§ **Exercise directions**: Retype, exactly as they appear below, the lines between the line holding "unfolding rounds_space_def by" and the line holding "fix \<omega>", both ends included.

Dataset items
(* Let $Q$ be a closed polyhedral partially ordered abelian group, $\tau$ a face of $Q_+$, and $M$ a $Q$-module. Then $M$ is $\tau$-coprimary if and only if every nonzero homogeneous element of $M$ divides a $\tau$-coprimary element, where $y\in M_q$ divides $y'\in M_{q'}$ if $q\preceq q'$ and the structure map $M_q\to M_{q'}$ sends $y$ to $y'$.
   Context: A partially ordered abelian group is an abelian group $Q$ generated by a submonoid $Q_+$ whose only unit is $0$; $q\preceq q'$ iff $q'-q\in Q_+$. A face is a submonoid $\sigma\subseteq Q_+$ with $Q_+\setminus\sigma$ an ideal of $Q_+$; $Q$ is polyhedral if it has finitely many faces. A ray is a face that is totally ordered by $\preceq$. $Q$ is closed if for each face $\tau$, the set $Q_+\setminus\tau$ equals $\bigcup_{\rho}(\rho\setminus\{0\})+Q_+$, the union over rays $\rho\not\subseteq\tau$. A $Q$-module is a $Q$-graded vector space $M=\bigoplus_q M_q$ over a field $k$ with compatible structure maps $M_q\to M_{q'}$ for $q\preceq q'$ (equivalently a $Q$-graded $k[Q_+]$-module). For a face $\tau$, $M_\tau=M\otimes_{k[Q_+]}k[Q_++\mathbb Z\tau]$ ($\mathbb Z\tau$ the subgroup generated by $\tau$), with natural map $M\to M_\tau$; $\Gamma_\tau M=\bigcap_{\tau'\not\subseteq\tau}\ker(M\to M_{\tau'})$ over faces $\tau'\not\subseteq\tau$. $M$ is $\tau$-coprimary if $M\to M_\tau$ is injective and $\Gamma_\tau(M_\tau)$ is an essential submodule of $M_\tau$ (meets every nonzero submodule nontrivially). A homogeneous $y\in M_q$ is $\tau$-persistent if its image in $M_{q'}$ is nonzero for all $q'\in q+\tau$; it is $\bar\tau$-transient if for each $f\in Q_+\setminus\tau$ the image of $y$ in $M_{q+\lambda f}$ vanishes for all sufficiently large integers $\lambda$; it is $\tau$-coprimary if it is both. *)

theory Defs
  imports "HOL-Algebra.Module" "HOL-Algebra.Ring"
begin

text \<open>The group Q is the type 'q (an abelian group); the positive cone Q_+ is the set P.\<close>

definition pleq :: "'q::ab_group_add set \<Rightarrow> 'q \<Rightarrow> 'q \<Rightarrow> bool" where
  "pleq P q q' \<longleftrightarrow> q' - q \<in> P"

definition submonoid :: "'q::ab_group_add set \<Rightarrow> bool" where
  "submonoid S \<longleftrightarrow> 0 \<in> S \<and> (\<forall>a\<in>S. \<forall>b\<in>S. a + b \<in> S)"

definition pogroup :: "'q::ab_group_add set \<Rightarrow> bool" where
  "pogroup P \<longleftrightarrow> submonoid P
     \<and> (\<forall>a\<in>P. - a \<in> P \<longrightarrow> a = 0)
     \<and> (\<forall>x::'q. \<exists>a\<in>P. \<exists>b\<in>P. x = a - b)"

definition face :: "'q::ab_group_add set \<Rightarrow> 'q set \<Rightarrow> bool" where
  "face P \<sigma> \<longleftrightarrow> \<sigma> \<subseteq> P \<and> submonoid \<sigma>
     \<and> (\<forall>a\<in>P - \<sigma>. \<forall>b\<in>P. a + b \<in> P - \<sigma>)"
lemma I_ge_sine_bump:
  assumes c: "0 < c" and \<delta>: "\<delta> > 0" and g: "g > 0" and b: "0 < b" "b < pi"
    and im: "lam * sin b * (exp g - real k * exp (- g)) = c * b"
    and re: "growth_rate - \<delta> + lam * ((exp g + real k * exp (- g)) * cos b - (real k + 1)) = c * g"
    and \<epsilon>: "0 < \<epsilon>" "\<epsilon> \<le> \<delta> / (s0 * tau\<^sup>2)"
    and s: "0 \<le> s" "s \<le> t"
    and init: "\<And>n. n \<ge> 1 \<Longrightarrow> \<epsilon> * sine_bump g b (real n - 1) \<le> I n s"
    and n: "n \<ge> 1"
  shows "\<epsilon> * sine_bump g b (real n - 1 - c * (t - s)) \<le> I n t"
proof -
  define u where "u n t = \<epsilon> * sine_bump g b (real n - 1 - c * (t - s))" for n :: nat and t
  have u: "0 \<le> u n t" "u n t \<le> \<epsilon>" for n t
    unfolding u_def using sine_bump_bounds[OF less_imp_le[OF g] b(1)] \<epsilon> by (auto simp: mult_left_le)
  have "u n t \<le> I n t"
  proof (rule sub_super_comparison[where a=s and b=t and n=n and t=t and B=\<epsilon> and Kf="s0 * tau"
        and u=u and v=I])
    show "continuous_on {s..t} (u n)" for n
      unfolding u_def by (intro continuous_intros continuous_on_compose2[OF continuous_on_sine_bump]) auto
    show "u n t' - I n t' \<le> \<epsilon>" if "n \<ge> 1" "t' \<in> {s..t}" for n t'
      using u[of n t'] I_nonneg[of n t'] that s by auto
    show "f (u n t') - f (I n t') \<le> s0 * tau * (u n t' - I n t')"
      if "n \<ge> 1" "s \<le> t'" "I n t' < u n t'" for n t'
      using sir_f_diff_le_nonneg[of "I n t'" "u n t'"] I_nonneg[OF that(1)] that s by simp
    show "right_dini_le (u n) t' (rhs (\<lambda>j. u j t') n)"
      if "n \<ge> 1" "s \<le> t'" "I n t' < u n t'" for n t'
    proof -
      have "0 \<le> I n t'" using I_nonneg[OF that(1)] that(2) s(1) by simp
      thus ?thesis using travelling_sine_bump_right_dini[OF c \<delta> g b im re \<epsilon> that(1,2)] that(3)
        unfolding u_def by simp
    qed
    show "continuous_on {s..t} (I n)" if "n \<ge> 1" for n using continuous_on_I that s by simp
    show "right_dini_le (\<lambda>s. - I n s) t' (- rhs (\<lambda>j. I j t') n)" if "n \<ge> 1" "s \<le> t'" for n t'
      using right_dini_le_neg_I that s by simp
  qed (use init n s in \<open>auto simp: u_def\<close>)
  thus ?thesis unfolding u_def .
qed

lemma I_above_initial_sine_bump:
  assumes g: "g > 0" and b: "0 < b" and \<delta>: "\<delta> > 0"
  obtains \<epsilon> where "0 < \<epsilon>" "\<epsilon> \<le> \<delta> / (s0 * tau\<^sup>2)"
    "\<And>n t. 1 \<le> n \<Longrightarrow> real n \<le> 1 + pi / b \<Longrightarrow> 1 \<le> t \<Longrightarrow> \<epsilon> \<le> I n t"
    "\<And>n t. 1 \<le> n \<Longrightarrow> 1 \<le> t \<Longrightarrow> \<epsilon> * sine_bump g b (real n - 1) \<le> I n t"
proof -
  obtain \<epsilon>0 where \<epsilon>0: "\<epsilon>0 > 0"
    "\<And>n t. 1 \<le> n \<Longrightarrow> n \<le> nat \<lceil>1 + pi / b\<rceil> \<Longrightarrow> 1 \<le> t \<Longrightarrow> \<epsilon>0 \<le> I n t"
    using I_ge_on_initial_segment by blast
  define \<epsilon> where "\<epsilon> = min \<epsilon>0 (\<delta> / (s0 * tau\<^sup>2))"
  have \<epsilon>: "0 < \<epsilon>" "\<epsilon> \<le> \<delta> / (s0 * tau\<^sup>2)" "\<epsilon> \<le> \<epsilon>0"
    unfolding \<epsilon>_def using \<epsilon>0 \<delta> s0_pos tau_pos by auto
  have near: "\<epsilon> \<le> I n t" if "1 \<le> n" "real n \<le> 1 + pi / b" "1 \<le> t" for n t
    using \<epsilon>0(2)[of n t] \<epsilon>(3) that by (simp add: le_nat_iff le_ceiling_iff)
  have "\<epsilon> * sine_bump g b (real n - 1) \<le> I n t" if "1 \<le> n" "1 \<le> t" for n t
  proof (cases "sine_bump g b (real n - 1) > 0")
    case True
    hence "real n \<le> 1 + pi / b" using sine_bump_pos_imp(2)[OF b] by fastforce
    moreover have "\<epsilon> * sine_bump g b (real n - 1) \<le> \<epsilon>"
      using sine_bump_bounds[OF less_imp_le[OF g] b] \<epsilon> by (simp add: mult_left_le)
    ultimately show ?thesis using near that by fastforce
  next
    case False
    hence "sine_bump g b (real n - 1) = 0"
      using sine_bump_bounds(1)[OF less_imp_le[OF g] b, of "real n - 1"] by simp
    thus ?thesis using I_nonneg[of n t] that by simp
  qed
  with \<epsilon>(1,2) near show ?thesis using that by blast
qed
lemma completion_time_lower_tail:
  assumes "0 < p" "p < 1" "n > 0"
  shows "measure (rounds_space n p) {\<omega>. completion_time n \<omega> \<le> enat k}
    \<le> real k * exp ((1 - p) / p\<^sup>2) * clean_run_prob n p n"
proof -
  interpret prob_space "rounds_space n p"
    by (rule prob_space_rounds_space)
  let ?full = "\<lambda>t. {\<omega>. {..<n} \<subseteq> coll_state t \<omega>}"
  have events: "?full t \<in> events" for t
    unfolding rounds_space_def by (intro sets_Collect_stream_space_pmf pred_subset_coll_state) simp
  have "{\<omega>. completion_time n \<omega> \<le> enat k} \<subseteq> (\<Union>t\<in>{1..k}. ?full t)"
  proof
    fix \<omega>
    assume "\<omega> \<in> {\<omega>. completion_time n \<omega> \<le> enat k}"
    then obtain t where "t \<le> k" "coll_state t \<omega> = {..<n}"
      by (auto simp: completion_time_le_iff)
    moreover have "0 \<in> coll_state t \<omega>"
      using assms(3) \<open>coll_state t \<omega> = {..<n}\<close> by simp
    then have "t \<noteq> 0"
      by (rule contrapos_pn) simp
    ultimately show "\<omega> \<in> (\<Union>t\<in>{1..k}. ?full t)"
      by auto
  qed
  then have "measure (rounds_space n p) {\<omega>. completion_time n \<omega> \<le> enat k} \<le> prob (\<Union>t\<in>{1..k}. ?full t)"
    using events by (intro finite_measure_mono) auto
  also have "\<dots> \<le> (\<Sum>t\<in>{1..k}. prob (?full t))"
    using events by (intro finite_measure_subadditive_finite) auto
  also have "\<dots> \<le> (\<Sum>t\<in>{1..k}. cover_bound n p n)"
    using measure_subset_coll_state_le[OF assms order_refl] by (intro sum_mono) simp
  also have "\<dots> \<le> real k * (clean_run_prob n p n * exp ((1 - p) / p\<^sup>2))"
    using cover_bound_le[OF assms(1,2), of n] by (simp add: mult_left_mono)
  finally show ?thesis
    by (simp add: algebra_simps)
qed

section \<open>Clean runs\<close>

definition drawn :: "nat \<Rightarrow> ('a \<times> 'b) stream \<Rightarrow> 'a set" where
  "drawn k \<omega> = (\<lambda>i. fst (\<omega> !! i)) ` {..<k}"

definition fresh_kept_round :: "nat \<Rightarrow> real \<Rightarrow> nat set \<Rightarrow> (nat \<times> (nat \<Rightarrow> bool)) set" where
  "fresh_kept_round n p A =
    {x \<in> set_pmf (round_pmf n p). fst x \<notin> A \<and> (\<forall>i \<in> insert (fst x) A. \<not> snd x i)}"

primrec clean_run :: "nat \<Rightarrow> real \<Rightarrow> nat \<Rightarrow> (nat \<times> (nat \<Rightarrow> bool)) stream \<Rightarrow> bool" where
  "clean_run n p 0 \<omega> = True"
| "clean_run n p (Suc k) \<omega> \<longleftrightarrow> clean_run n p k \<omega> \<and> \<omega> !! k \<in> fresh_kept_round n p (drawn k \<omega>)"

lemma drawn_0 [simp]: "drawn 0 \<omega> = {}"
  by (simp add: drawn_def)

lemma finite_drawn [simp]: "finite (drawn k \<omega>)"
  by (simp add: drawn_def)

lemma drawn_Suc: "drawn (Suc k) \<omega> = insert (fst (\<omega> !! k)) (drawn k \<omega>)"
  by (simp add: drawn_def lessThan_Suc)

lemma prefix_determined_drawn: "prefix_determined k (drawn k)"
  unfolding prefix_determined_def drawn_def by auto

§ **Answer section**:
    unfolding rounds_space_def by (intro sets_Collect_stream_space_pmf pred_subset_coll_state) simp
  have "{\<omega>. completion_time n \<omega> \<le> enat k} \<subseteq> (\<Union>t\<in>{1..k}. ?full t)"
  proof
    fix \<omega>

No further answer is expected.